(* Let $m=m(n)$ and $p=p(n)\in(0,1)$, let $N_E$ be the number of edges of $\mathcal G(n,m,p)$ and $\hat p=1-(1-p^2)^m$. If $\widetilde N_E=(N_E-\mathbb E[N_E])/\sqrt{\operatorname{Var}[N_E]}$ converges in distribution to a standard normal random variable as $n\to\infty$, then $n^2\hat p(1-\hat p)\to\infty$.
   Context: Random intersection graph $\mathcal G(n,m,p)$: vertices $v_1,\ldots,v_n$, attributes $a_1,\ldots,a_m$; each vertex chooses each attribute independently with probability $p$; two vertices are adjacent iff they chose at least one common attribute. *)

theory Defs
  imports "HOL-Probability.Probability"
begin

text \<open>Random intersection graph G(n,m,p): vertices 0..n-1, attributes 0..m-1.
  An outcome is a function w :: nat \<times> nat \<Rightarrow> bool, w (i,a) meaning vertex i
  chose attribute a; all choices in {..<n} \<times> {..<m} are independent Bernoulli(p).\<close>

definition RIG :: "nat \<Rightarrow> nat \<Rightarrow> real \<Rightarrow> (nat \<times> nat \<Rightarrow> bool) pmf" where
  "RIG n m p = Pi_pmf ({..<n} \<times> {..<m}) False (\<lambda>_. bernoulli_pmf p)"

definition rig_adj :: "nat \<Rightarrow> (nat \<times> nat \<Rightarrow> bool) \<Rightarrow> nat \<Rightarrow> nat \<Rightarrow> bool" where
  "rig_adj m w u v \<longleftrightarrow> u \<noteq> v \<and> (\<exists>a<m. w (u,a) \<and> w (v,a))"

definition num_edges :: "nat \<Rightarrow> nat \<Rightarrow> (nat \<times> nat \<Rightarrow> bool) \<Rightarrow> nat" where
  "num_edges n m w = card {(u,v). u < v \<and> v < n \<and> rig_adj m w u v}"

end

theory Submission
  imports Defs
begin

text \<open>
  The edge count N is integer valued, so its normalisation (N - \<mu>) / \<sigma> lives on a lattice of
  mesh 1 / \<sigma>. The normal distribution function is continuous and strictly increasing, so for
  every \<delta> > 0 the distribution functions of the normalisations eventually increase on both
  (0, \<delta>] and (\<delta>, 2\<delta>]; this needs two lattice points at distance less than 2\<delta>, i.e.
  \<sigma> > 1 / (2\<delta>). Hence \<sigma> \<rightarrow> \<infinity>.

  On the other hand 0 \<le> N \<le> T, where T \<le> n^2 is the number of vertex pairs, and \<mu> = T ph because
  every pair is adjacent with probability ph. As the limit law charges both (-\<infinity>, -1] and
  (1, \<infinity>), eventually N takes a value \<le> \<mu> - \<sigma> and one > \<mu> + \<sigma>, whence
  \<sigma> \<le> T min(ph, 1 - ph) \<le> 2 n^2 ph (1 - ph). No variance needs to be computed.
\<close>

lemma null_sets_std_normal_distribution:
  "A \<in> null_sets std_normal_distribution \<longleftrightarrow> A \<in> null_sets lborel"
proof -
  have "x \<in> A \<longrightarrow> std_normal_density x = 0 \<longleftrightarrow> x \<notin> A" for x
    using normal_density_pos[of 1 0 x] by auto
  then have "A \<in> null_sets std_normal_distribution \<longleftrightarrow> A \<in> sets lborel \<and> (AE x in lborel. x \<notin> A)"
    by (simp add: null_sets_density_iff)
  also have "\<dots> \<longleftrightarrow> A \<in> null_sets lborel"
    using AE_iff_null_sets[of A lborel] null_setsD2[of A lborel] by blast
  finally show ?thesis .
qed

++++++

▶ **Requirement**
Whatever else the listing above holds, retype exactly only the lines from the one containing "(1, \<infinity>), eventually" to the one containing "A \<longrightarrow> std_normal_density", both ends kept.

▶ **Task solution**
  (1, \<infinity>), eventually N takes a value \<le> \<mu> - \<sigma> and one > \<mu> + \<sigma>, whence
  \<sigma> \<le> T min(ph, 1 - ph) \<le> 2 n^2 ph (1 - ph). No variance needs to be computed.
\<close>

lemma null_sets_std_normal_distribution:
  "A \<in> null_sets std_normal_distribution \<longleftrightarrow> A \<in> null_sets lborel"
proof -
  have "x \<in> A \<longrightarrow> std_normal_density x = 0 \<longleftrightarrow> x \<notin> A" for x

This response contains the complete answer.